​TARAF YORGUNLUĞU

Dr. İlhami FINDIKÇI
Tüm Yazıları
Taraf olmaktan yorulduk.

Taraf olmaktan yorulduk. Hız çağının zihinlerimize taşıdığı veri, düşünce ve olaylar çoğaldıkça onları yeterince irdeleyemiyor ve hızla tüketiyoruz. Düşüncelerin arkasındaki anlamı tefekkür etmeden, günlük gelişmelerin yorgun taraftarları oluyoruz. Kendi tarafımızda kalıp koyulaştıkça ortak çözümlerden uzaklaşıyor ve ayrışıyoruz hızla. 

Müftüler Neden Olmasın?

Müftülerin de nikâh kıymalarını sağlayacak düzenlemeyi, ilgili uzmanlar ile ele almak, enine boyuna değerlendirmek gerekirken yine taraftarlığımız öne çıkıyor. Bir taraf, konuyu dinin tüm hayat alanlarına taşınması, laikliğin ve kadın haklarının elden gitmesi hatta devletin tehdit edilmesine kadar götürüyor. Diğer taraf ise düzenlemenin kaynaklandığı ihtiyacı ortaya koymaktan çok neden karşı çıkıldığına veryansın ediyor.
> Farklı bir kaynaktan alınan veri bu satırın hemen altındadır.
lemma common_value_chunk_subset_block_collision:
  assumes "(i + 1) * s \<le> z"
  shows "common_value (chunk z s i) {1..q} \<subseteq> block_collision q z"
proof
  fix x :: "nat \<Rightarrow> nat" assume "x \<in> common_value (chunk z s i) {1..q}"
  then obtain v where "\<forall>j\<in>{1..q}. \<exists>l\<in>chunk z s i j. x l = v" by (auto simp: common_value_def)
  then obtain ind where ind: "\<forall>j\<in>{1..q}. ind j \<in> chunk z s i j \<and> x (ind j) = v" by metis
  then have "(j - 1) * z < ind j \<and> ind j \<le> j * z" if "j \<in> {1..q}" for j
    using chunk_subset_block[OF assms, of j] that by fastforce
  then show "x \<in> block_collision q z"
    using ind unfolding block_collision_def by (auto intro!: exI[of _ ind])
qed

lemma Suc_mult_le_of_less_div:
  fixes i s z :: nat
  assumes "i < z div s"
  shows "(i + 1) * s \<le> z"
proof -
  have "(i + 1) * s \<le> z div s * s" using assms by (intro mult_le_mono1) simp
  then show ?thesis by (meson div_times_less_eq_dividend le_trans)
qed

lemma disjoint_family_chunk:
  assumes "(i + 1) * s \<le> z"
  shows "disjoint_family_on (chunk z s i) {1..q}"
  unfolding disjoint_family_on_def using chunk_inj[OF assms assms] by (auto simp: disjoint_iff)

lemma disjoint_family_chunk_rounds:
  "disjoint_family_on (\<lambda>i. \<Union>j\<in>{1..q}. chunk z s i j) {..<z div s}"
  unfolding disjoint_family_on_def
proof (intro ballI impI equals0I)
  fix i i' l assume i: "i \<in> {..<z div s}" "i' \<in> {..<z div s}" "i \<noteq> i'"
    and "l \<in> (\<Union>j\<in>{1..q}. chunk z s i j) \<inter> (\<Union>j\<in>{1..q}. chunk z s i' j)"
  then obtain j j' where "j \<in> {1..q}" "j' \<in> {1..q}" "l \<in> chunk z s i j" "l \<in> chunk z s i' j'"
    by blast
  with i show False
    using chunk_inj[OF Suc_mult_le_of_less_div[of i] Suc_mult_le_of_less_div[of i']] by auto
qed

lemma chunk_round_subset:
  assumes "(i + 1) * s \<le> z"
  shows "(\<Union>j\<in>{1..q}. chunk z s i j) \<subseteq> {1..q * z}"
proof
  fix l assume "l \<in> (\<Union>j\<in>{1..q}. chunk z s i j)"
  then obtain j where j: "j \<in> {1..q}" "l \<in> chunk z s i j" by blast
  then have "(j - 1) * z < l" "l \<le> j * z" using chunk_subset_block[OF assms, of j] by auto
  moreover have "j * z \<le> q * z" using j by simp
  ultimately have "1 \<le> l" "l \<le> q * z" by linarith+
  then show "l \<in> {1..q * z}" by simp
qed

lemma block_collision_prob_ge:
  fixes \<mu> :: "nat pmf"
  assumes V: "finite V" "set_pmf \<mu> \<subseteq> V" and q: "q \<ge> 2"
    and s: "real (card V) ^ (q - 1) \<le> real s ^ q"
  shows "1 - (1 - (1/2) ^ q) ^ (z div s)
    \<le> measure_pmf.prob (Pi_pmf {1..q * z} d (\<lambda>_. \<mu>)) (block_collision q z)"
proof -
  let ?E = "\<lambda>i. common_value (chunk z s i) {1..q} :: (nat \<Rightarrow> nat) set"
  have "1 - (1 - (1/2) ^ q) ^ card {..<z div s}
      \<le> measure_pmf.prob (Pi_pmf {1..q * z} d (\<lambda>_. \<mu>)) (\<Union>i<z div s. ?E i)"
  proof (rule Pi_pmf_prob_UN_independent_ge[OF _ _ disjoint_family_chunk_rounds])
    fix i assume "i \<in> {..<z div s}"
    then have fits: "(i + 1) * s \<le> z" by (intro Suc_mult_le_of_less_div) simp
    show "(\<Union>j\<in>{1..q}. chunk z s i j) \<subseteq> {1..q * z}" by (rule chunk_round_subset[OF fits])
    show "(1/2) ^ q \<le> measure_pmf.prob (Pi_pmf (\<Union>j\<in>{1..q}. chunk z s i j) d (\<lambda>_. \<mu>)) (?E i)"
      using common_value_prob_ge[OF V _ disjoint_family_chunk[OF fits]] q s by simp
  qed (simp_all add: determined_by_common_value)
  also have "\<dots> \<le> measure_pmf.prob (Pi_pmf {1..q * z} d (\<lambda>_. \<mu>)) (block_collision q z)"
    using common_value_chunk_subset_block_collision[OF Suc_mult_le_of_less_div]
    by (intro measure_pmf.finite_measure_mono) (blast, simp)
  finally show ?thesis by simp
qed

lemma real_div_ge_quarter:
  fixes z s :: nat and t :: real
  assumes "1 \<le> t" "2 * t \<le> real z" "t \<le> real s" "real s < t + 1"
  shows "real z / (4 * t) \<le> real (z div s)"
proof -
  have "s > 0" "s \<le> z" using assms by linarith+
  then have k: "1 \<le> z div s" by (simp add: div_greater_zero_iff Suc_le_eq)
  have "z < (z div s + 1) * s" using \<open>s > 0\<close> by (simp add: dividend_less_div_times)
  then have "real z < real ((z div s + 1) * s)" by (metis of_nat_less_iff)
  also have "\<dots> = (real (z div s) + 1) * real s" by (simp add: algebra_simps)
  also have "\<dots> \<le> (2 * real (z div s)) * (2 * t)"
    using k assms by (intro mult_mono) auto
  finally show ?thesis using assms by (simp add: divide_le_eq)
qed

lemma one_minus_power_le_exp:
  fixes x c y :: real
  assumes "0 \<le> x" "x < 1" "c \<le> - (1/4) * ln (1 - x)" "0 \<le> y" "y \<le> real k"
  shows "(1 - x) ^ k \<le> exp (- 4 * c * y)"
proof -
  define L where "L = ln (1 - x)"
  have "L \<le> 0" "L \<le> - 4 * c" using assms by (auto simp: L_def)
  have "(1 - x) ^ k = exp (real k * L)" using assms by (simp add: L_def exp_of_nat_mult)
  also have "real k * L \<le> y * L" using assms \<open>L \<le> 0\<close> by (intro mult_right_mono_neg) auto
  also have "y * L \<le> y * (- 4 * c)" using assms \<open>L \<le> - 4 * c\<close> by (intro mult_left_mono) auto
  finally show ?thesis by (simp add: mult.commute mult.left_commute)
qed

lemma powr_one_minus_inverse_power:
  fixes a :: real and q :: nat
  assumes "0 < a" "1 \<le> q"
  shows "(a powr (1 - 1 / real q)) ^ q = a ^ (q - 1)"
proof -
  have "(1 - 1 / real q) * real q = real (q - 1)" using assms by (simp add: field_simps of_nat_diff)
  then show ?thesis using assms by (simp add: powr_realpow[symmetric] powr_powr)
qed

lemma block_collision_prob_ge_exp:
  fixes n q z :: nat and \<mu> :: "nat pmf" and c :: real
  defines "t \<equiv> real n powr (1 - 1 / real q)"
  assumes supp: "set_pmf \<mu> \<subseteq> {1..n}" and q: "1 \<le> q" and z: "2 * t \<le> real z"
    and c: "c \<le> - (1/4) * ln (1 - 2 powr (- real q))"
  shows "1 - exp (- c * real z / t) \<le> measure_pmf.prob (Pi_pmf {1..q * z} 0 (\<lambda>_. \<mu>)) (block_collision q z)"
proof -
  have "n \<ge> 1" using supp set_pmf_not_empty[of \<mu>] by fastforce
  then have t: "1 \<le> t" using q unfolding t_def by (intro ge_one_powr_ge_zero) (auto simp: field_simps)
  show ?thesis
  proof (cases "q = 1")
    case True
    with t z have "block_collision q z = UNIV"
      by (auto simp: block_collision_def intro!: exI[of _ "\<lambda>_. 1"])
    then show ?thesis by simp
  next
    case False
    define s where "s = nat \<lceil>t\<rceil>"
    have s: "t \<le> real s" "real s < t + 1" using t unfolding s_def by linarith+
    have "real n ^ (q - 1) = t ^ q" using \<open>n \<ge> 1\<close> q by (simp add: t_def powr_one_minus_inverse_power)
    also have "\<dots> \<le> real s ^ q" using s t by (intro power_mono) auto
    finally have bound: "1 - (1 - (1/2) ^ q) ^ (z div s)
        \<le> measure_pmf.prob (Pi_pmf {1..q * z} 0 (\<lambda>_. \<mu>)) (block_collision q z)"
      using supp q False by (intro block_collision_prob_ge) auto
    have "2 powr (- real q) = (1/2) ^ q"
      by (simp add: powr_minus powr_realpow power_one_over inverse_eq_divide)
    then have power: "(1 - (1/2) ^ q) ^ (z div s) \<le> exp (- 4 * c * (real z / (4 * t)))"
      using q t c s z real_div_ge_quarter[of t z s]
      by (intro one_minus_power_le_exp) (auto simp: power_less_one_iff)
    moreover have "exp (- 4 * c * (real z / (4 * t))) = exp (- c * real z / t)"
      using t by (simp add: field_simps)
    ultimately show ?thesis using bound by linarith
  qed
qed

lemma two_powr_le_ln:
  assumes "1 \<le> q"
  shows "2 powr (- real q - 2) \<le> - (1/4) * ln (1 - 2 powr (- real q))"
proof -
  have "0 \<le> 2 powr (- real q)" "2 powr (- real q) < 1" using assms by (auto simp: powr_less_one)
  then have "2 powr (- real q) \<le> - ln (1 - 2 powr (- real q))"
    using ln_one_minus_pos_upper_bound by fastforce
  moreover have "2 powr (- real q - 2) = 2 powr (- real q) / 4" by (simp add: powr_diff)
  ultimately show ?thesis by simp
qed

theorem lemma2p3:
  fixes n q z :: nat and \<mu> :: "nat pmf"
  assumes "set_pmf \<mu> \<subseteq> {1..n}"
    and "q \<ge> 1"
    and "real z \<ge> 2 * real n powr (1 - 1 / real q)"
  shows "(\<forall>c::real. c \<le> - (1/4) * ln (1 - 2 powr (- real q)) \<longrightarrow>
            measure_pmf.prob (Pi_pmf {1..q*z} 0 (\<lambda>_. \<mu>)) (block_collision q z)
              \<ge> 1 - exp (- c * real z / real n powr (1 - 1 / real q)))
       \<and> (\<forall>c::real. c \<le> 2 powr (- real q - 2) \<longrightarrow>
            measure_pmf.prob (Pi_pmf {1..q*z} 0 (\<lambda>_. \<mu>)) (block_collision q z)
              \<ge> 1 - exp (- c * real z / real n powr (1 - 1 / real q)))"
  using block_collision_prob_ge_exp[OF assms] two_powr_le_ln[OF assms(2)] by fastforce

end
İnsan, inanma ihtiyacı olan bir canlıdır. Var olduğu günden bu yana biçim ve uygulamalar değişse de aşkın bir güce, yüce bir yaratıcıya inanmıştır. Çünkü yaşam yolculuğuna bir anlam verme ihtiyacındadır.

Dolayısıyla insanlar hayatlarının en kritik dönemeçlerinde ve kararlarında dini inançlarının öngörüsünü yaşamlarına yansıtır. Nitekim hemen her toplumda doğum, evlilik ve ölüm gibi hayati olaylar sırasında dini ritüeller var olagelmiştir. Bu hayati konuların hukuki, sosyal, duygusal ve tabii ki inanç yönleri vardır. İnanmak, diğer bireysel ihtiyaçlar gibi insana ait bir özellik olduğundan insanın olduğu her yerde bulunması ve hayatın tüm alanlarına taşınması kaçınılmazdır. Bu konuların inanç yönünü görmezden gelmek doğru olmaz zira her inanç sisteminde doğum, evlilik ve ölüm, dini inanış ile ilişkilendirilmiştir. Dolayısıyla insanın hayati konularını aşkın bir gücün şahitliğinde gerçekleştirmesi, başka hayat alanlarını etkilemeden, daraltmadan inançlarına uygun yaşaması ona güç verir, hayat şevkini artırır.  

Küresel Ahlaksızlık

Unutulmamalıdır ki küresel bir vurdumduymazlık, ahlaksızlık, doyumsuzluk ve küresel bir tüketim çılgınlığının hızlandığı, düşünsel derinlik yerine trende yönelmenin söz konusu olduğu bir çağda yaşıyoruz. Uluslararası gerilimlerin aynı biçimde toplum ve bireyin ruh yapısında da gerilime, zorlanmaya ve çaresizliğe yol açtığını biliyoruz. Kısacası zihinsel patoloji ve psikolojik hastalıkların ayyuka çıktığı küresel bir köye doğru gidiyor dünya. Byung Chul Han’ın ifadesiyle toplumlar yorgun. Batılı toplumların hızla yorgunluk sürecine girmeleri ve aile yapısının hızla bozulmasında ahlak ve inanç alanındaki zayıflığın etkisi büyüktür. 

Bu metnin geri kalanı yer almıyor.